Он прокричал это лет двадцать назад, разглядывая мою увлажненную мужскую плоть. Уж не знаю, что ему привиделось в моих безумных в тот момент глазах – может быть, отблеск неверного постижения мира. Иногда, когда я кончаю или вот-вот погружусь в сон, разум мой, мне кажется, покидает меня и удаляется бесконечно длинным путем шириной в нить, нить цвета ночи. Туда, вовне стремится разум мой, плывет своим узким путем, побуждаемый любопытством, светлый открытостью миру, в дальнюю даль летит он, как мастерски заброшенная оперенная блесна в быстром полете по яркому свету над потоком. Где-то уже за пределами моей власти и моего контроля эта блесна распрямляется в копье, копье становится иглой, и игла эта сшивает мир воедино. Она пришивает кожу к скелету и губную помаду к губам, она сшивает Эдит, когда та стояла (и будет стоять, покуда я, страницы этой книги и вечное всевидящее око помнить будут) в нашем темном подземелье в своей раскраске, она пришивает к горам туман, пронизывает все, как нескончаемый кровоток, и наполняет туннель успокоительным чувством удовлетворенности, восхитительным ощущением единства. Все несоответствия мира, противоречия парадоксов, две стороны монеты, гадание на кофейной гуще, острое, как бритва, сознание, все противоположности, сущее и все его образы, предметы, не отбрасывающие тени, и повседневные впечатления на улице, то лицо и это, дом и зубную боль, впечатления, имена, которые складываются из разных букв, – моя игла пронзает их все и меня самого, мои неуемные фантазии, все, что было раньше и есть теперь, всех нас, как бусины ожерелья несравненной красоты и бессмысленности.

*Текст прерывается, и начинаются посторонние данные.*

lemma add_self_eq_zero_iff: "x \<in> carrier R \<Longrightarrow> x \<oplus> x = \<zero> \<longleftrightarrow> x = \<zero>"
  using two_neq_zero integral_iff[of two x] by (simp add: l_distr)

lemma neg_eq_self_iff: "x \<in> carrier R \<Longrightarrow> \<ominus> x = x \<longleftrightarrow> x = \<zero>"
  using add_self_eq_zero_iff by (metis add.inv_closed l_neg r_neg add.inv_solve_left add.inv_one)

lemma card_square_roots:
  assumes "x \<in> carrier R" "x \<noteq> \<zero>"
  shows "card {y \<in> carrier R. y \<otimes> y = x \<otimes> x} = 2"
proof -
  have "{y \<in> carrier R. y \<otimes> y = x \<otimes> x} = {x, \<ominus> x}"
    using assms square_eq_square_iff by auto
  then show ?thesis
    using assms neg_eq_self_iff by (simp add: eq_commute[of x])
qed

lemma card_nonzero_squares: "2 * card (squares R - {\<zero>}) = q - 1"
proof -
  let ?roots = "\<lambda>s. {y \<in> carrier R. y \<otimes> y = s}"
  have "carrier R - {\<zero>} = (\<Union>s\<in>squares R - {\<zero>}. ?roots s)"
    using integral_iff by (auto simp: squares_def)
  then have "card (carrier R - {\<zero>}) = (\<Sum>s\<in>squares R - {\<zero>}. card (?roots s))"
    using finite_carrier squares_subset_carrier
    by (auto intro!: card_UN_disjoint intro: finite_subset)
  also have "\<dots> = (\<Sum>s\<in>squares R - {\<zero>}. 2)"
  proof (intro sum.cong refl)
    fix s assume s: "s \<in> squares R - {\<zero>}"
    then obtain x where x: "x \<in> carrier R" "s = x \<otimes> x"
      by (blast elim: squaresE)
    then have "x \<noteq> \<zero>"
      using s by auto
    then show "card (?roots s) = 2"
      using x card_square_roots by simp
  qed
  finally show ?thesis
    using finite_carrier by simp
qed

lemma card_squares: "2 * card (squares R) = q + 1"
proof -
  have "card (squares R) = card (squares R - {\<zero>}) + 1"
    using finite_carrier squares_subset_carrier finite_subset card.remove[OF _ zero_in_squares]
    by fastforce
  then show ?thesis
    using card_nonzero_squares odd_pos[OF odd_card] by arith
qed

– Ничего между собой не связывай, – прокричал Ф. – Если тебе не терпится, сложи все это барахло в ряд на столе, только ничего между собой не связывай! Давай, еще раз, – прокричал он, оттягивая мой опавший член, как канат колокола, и потряхивая им, как созвавшая на обед гостей светская дама трясет колокольчиком к перемене блюд. – Не давай себя одурачить, – кричал Ф.

Происходило это двадцать лет назад, как я уже говорил. Сейчас мне остается только гадать о том, что вызвало у него этот всплеск эмоций, может быть, я весь светился глуповатой улыбкой открытости миру, которая подчас так портит лицо молодого человека. Именно в тот день Ф. выложил мне один из своих самых потрясающих обманов.

– Дружок, – сказал Ф., – не надо тебе ни в чем себя винить.

– В чем именно?

– Ну, в том, например, что мы с тобой друг другу сосем, кино смотрим, вазелином пользуемся, с собакой дурачимся, в рабочее время не дело делаем, а по притонам слоняемся, под мышками ковыряемся.

– Мне и в голову не приходило себя за это винить.

– Нет, приходило. А это лишнее. Видишь ли, – сказал Ф., – тут гомосексуальностью и не пахнет.

– Ладно, Ф., давай лучше сменим тему. Гомосексуальность – это только название.

– Именно поэтому, дружок, я тебе об этом и говорю. Ты живешь в мире названий. Вот почему я по доброте душевной тебе это внушаю.

– Ты еще один вечер испортить хочешь?

– Послушай меня, бедный мой а…!

– Это ты, Ф., виноватым себя чувствуешь. Черт знает насколько виноватым. Ты виновная сторона.

– Ха. Ха. Ха. Ха. Ха.

– Я знаю, Ф., что ты сделать надумал. Ты хочешь этот вечер испортить. Тебе мало пару раз просто так кончить и еще в задницу от души засадить.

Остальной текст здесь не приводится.